然后继续看 moveNext() 方法:
public boolean moveNext() {
if (this.currentHistoryList == pastEvents && this.currentHistoryIndex >= pastEvents.size()) {
// 如果当前 currentHistoryList 指向的是 pastEvents,并且已经指到最后一个元素了。
// 那么 moveNext 就应该指向 this.newEvents,然后将 currentHistoryIndex 设置为0 (即指向第一个元素)
// Move forward to the next list
this.currentHistoryList = this.newEvents;
this.currentHistoryIndex = 0;
// 这意味着 pastEvents 的游历接触,即 replay 完成。
ContextImplTask.this.setDoneReplaying();
}
if (this.currentHistoryList == this.newEvents && this.currentHistoryIndex >= this.newEvents.size()) {
// 如果当前 currentHistoryList 指向的是 newEvents,并且已经指到最后一个元素了。

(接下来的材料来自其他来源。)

(* Let $n\in\mathbb{N}$ and suppose $0<y_{\ell}<1$ and $0<q_{\ell}<1$ for all $1\le\ell\le n$. Then the function \[ F(x)=\prod_{\ell=1}^{n}\frac{\exp\left(\frac{x^{2}}{\log q_{\ell}^{4}}\right)}{\left(y_{\ell}e^{ix};q_{\ell}\right)_{\infty}},\qquad x\in\mathbb{R}, \] is a positive definite function. Furthermore, for all $m\in\mathbb{N}$ and all $x_{1},\dots,x_{m}\in\mathbb{R}$, the matrices \[ \left(\prod_{\ell=1}^{n}\frac{\exp\left(\frac{(x_{j}-x_{k})^{2}}{\log q_{\ell}^{4}}\right)}{\left(y_{\ell}e^{i(x_{j}-x_{k})};q_{\ell}\right)_{\infty}}\right)_{j,k=1}^{m} \] are positive semidefinite. In particular, \[ \prod_{\ell=1}^{n}\frac{\left(y_{\ell};q_{\ell}\right)_{\infty}}{\left|\left(y_{\ell}e^{ix};q_{\ell}\right)_{\infty}\right|}\exp\left(\frac{x^{2}}{\log q_{\ell}^{4}}\right)\le1,\qquad x\in\mathbb{R}. \]
   Context: For $0<q<1$ and $a\in\mathbb{C}$, $(a;q)_{\infty}=\prod_{k=0}^{\infty}(1-aq^{k})$. Here $\log q^{4}=4\log q$. A continuous function $f:\mathbb{R}\to\mathbb{C}$ with $f(0)>0$ is called positive definite if for every $n\in\mathbb{N}$ and all $x_{1},\dots,x_{n}\in\mathbb{R}$ the matrix $(f(x_{j}-x_{k}))_{j,k=1}^{n}$ is positive semidefinite, i.e. $\sum_{j,k}f(x_j-x_k)z_j\overline{z_k}\ge0$ for all $z_1,\dots,z_n\in\mathbb{C}$ (equivalently, by Bochner's theorem, $f$ is the Fourier transform of a finite positive measure on $\mathbb{R}$ of total mass $f(0)$). *)

theory Defs
  imports "HOL-Analysis.Analysis"
begin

// 此时已经完成游历,没有更多元素,返回 false 表示可以结束了。
// We're done enumerating the history
return false;
}
// Process the next event in the history
// 获取当前元素,然后 currentHistoryIndex +1 指向下一个元素
HistoryEvent next = this.currentHistoryList.get(this.currentHistoryIndex++);
// 处理事件
ContextImplTask.this.processEvent(next);
return true;
}
处理事件的代码实现在 ContextImplTask 的 processEvent() 方法中:
private void processEvent(HistoryEvent e) {
boolean overrideSuspension = e.getEventTypeCase() == HistoryEvent.EventTypeCase.EXECUTIONRESUMED || e.getEventTypeCase() == HistoryEvent.EventTypeCase.EXECUTIONTERMINATED;
if (this.isSuspended && !overrideSuspension) {
this.handleEventWhileSuspended(e);
} else {
switch (e.getEventTypeCase()) {
case ORCHESTRATORSTARTED:
Instant instant = DataConverter.getInstantFromTimestamp(e.getTimestamp());
this.setCurrentInstant(instant);
break;
case ORCHESTRATORCOMPLETED:
// No action
break;
case EXECUTIONSTARTED:
ExecutionStartedEvent startedEvent = e.getExecutionStarted();
String name = startedEvent.getName();
this.setName(name);
String instanceId = startedEvent.getOrchestrationInstance().getInstanceId();
this.setInstanceId(instanceId);
String input = startedEvent.getInput().getValue();
this.setInput(input);
TaskOrchestrationFactory factory = TaskOrchestrationExecutor.this.orchestrationFactories.get(name);
if (factory == null) {
// Try getting the default orchestrator
factory = TaskOrchestrationExecutor.this.orchestrationFactories.get("*");
}
// TODO: Throw if the factory is null (orchestration by that name doesn't exist)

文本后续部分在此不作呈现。